### Requirement
Every line in the data below that includes "proof" belongs in the answer, copied as it stands.

### Data records
================================

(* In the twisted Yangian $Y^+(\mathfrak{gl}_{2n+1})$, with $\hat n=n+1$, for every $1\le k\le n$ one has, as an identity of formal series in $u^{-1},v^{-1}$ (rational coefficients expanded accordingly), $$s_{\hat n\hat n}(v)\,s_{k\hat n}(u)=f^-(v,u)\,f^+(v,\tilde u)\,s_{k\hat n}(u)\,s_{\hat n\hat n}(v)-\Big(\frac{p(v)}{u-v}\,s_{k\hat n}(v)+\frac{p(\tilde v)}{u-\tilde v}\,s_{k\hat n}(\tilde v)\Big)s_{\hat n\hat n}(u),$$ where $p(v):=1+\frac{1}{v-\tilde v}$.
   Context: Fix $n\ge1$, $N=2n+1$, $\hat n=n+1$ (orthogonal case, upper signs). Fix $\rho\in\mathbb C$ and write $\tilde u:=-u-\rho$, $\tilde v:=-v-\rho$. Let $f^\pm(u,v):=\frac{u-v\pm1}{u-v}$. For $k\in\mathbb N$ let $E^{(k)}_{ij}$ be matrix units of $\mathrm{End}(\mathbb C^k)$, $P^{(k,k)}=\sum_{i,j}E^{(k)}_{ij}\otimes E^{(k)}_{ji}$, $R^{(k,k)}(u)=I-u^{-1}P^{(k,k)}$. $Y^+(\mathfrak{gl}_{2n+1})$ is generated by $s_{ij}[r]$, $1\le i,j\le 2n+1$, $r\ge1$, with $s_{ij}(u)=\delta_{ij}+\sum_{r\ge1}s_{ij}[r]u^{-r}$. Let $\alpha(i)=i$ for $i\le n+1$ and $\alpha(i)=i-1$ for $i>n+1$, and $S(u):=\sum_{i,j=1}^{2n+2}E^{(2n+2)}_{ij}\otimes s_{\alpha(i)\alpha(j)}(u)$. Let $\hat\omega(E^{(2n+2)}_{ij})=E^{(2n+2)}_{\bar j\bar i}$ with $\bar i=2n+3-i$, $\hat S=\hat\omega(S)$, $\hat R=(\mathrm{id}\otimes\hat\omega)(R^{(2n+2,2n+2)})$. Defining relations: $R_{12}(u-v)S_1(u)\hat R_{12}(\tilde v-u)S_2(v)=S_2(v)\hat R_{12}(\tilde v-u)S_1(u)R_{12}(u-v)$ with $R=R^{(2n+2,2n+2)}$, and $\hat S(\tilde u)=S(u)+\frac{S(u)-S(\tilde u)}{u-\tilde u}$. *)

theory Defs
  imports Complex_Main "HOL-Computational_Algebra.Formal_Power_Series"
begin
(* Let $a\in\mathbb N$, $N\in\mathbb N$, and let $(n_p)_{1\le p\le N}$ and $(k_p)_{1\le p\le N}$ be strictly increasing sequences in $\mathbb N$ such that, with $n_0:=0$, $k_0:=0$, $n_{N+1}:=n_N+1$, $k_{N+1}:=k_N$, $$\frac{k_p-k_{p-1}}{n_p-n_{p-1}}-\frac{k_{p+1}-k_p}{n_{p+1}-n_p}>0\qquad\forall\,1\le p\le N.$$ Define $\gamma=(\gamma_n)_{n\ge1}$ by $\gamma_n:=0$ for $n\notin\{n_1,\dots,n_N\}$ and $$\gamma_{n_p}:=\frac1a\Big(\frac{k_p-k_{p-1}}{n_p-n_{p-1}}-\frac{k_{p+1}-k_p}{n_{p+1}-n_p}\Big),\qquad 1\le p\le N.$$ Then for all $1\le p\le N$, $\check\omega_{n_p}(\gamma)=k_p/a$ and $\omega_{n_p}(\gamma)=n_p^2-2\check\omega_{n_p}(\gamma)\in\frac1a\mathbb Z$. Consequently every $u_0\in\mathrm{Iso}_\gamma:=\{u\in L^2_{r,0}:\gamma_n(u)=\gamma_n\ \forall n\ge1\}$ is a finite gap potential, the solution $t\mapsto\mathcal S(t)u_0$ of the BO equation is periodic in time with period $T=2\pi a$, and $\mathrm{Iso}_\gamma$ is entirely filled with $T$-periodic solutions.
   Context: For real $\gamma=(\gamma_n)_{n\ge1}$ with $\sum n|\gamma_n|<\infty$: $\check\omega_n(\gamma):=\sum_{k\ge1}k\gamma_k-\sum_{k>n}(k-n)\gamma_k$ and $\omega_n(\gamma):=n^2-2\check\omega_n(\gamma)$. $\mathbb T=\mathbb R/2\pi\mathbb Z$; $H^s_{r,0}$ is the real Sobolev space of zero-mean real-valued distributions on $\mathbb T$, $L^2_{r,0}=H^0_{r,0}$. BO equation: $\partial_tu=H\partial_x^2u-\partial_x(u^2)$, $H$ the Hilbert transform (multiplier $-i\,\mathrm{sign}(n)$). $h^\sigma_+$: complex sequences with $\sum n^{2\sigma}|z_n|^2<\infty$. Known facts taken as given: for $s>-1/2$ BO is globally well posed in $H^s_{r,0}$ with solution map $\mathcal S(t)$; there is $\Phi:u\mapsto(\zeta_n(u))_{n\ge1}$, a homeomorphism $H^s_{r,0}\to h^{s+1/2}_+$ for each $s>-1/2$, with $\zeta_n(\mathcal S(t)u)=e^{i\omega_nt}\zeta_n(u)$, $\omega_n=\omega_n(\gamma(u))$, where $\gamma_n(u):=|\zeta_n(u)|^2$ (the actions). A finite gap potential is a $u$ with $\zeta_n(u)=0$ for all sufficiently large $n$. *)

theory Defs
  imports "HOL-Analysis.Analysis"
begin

================================

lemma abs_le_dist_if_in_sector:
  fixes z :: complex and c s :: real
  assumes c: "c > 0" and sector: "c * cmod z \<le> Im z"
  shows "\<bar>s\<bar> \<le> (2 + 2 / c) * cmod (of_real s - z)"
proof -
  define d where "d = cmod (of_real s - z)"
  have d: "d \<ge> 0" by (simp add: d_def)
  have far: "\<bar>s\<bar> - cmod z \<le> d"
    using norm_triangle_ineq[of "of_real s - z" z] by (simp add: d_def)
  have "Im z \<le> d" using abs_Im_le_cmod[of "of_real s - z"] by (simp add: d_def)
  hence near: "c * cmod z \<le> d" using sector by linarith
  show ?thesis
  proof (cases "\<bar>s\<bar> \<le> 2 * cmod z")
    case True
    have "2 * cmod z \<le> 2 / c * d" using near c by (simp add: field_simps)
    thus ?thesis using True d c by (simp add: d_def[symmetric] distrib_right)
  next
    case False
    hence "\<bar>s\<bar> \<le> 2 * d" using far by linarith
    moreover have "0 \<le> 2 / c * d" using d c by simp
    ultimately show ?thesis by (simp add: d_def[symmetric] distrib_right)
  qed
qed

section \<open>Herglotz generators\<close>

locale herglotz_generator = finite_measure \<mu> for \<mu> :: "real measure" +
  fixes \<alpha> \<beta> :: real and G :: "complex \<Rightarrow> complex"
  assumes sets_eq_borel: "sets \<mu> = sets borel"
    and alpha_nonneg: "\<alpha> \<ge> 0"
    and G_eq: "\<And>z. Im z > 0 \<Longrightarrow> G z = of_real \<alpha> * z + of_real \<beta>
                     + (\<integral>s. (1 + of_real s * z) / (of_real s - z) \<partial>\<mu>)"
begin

================================

### Reply to the exercise
proof -
  proof (cases "\<bar>s\<bar> \<le> 2 * cmod z")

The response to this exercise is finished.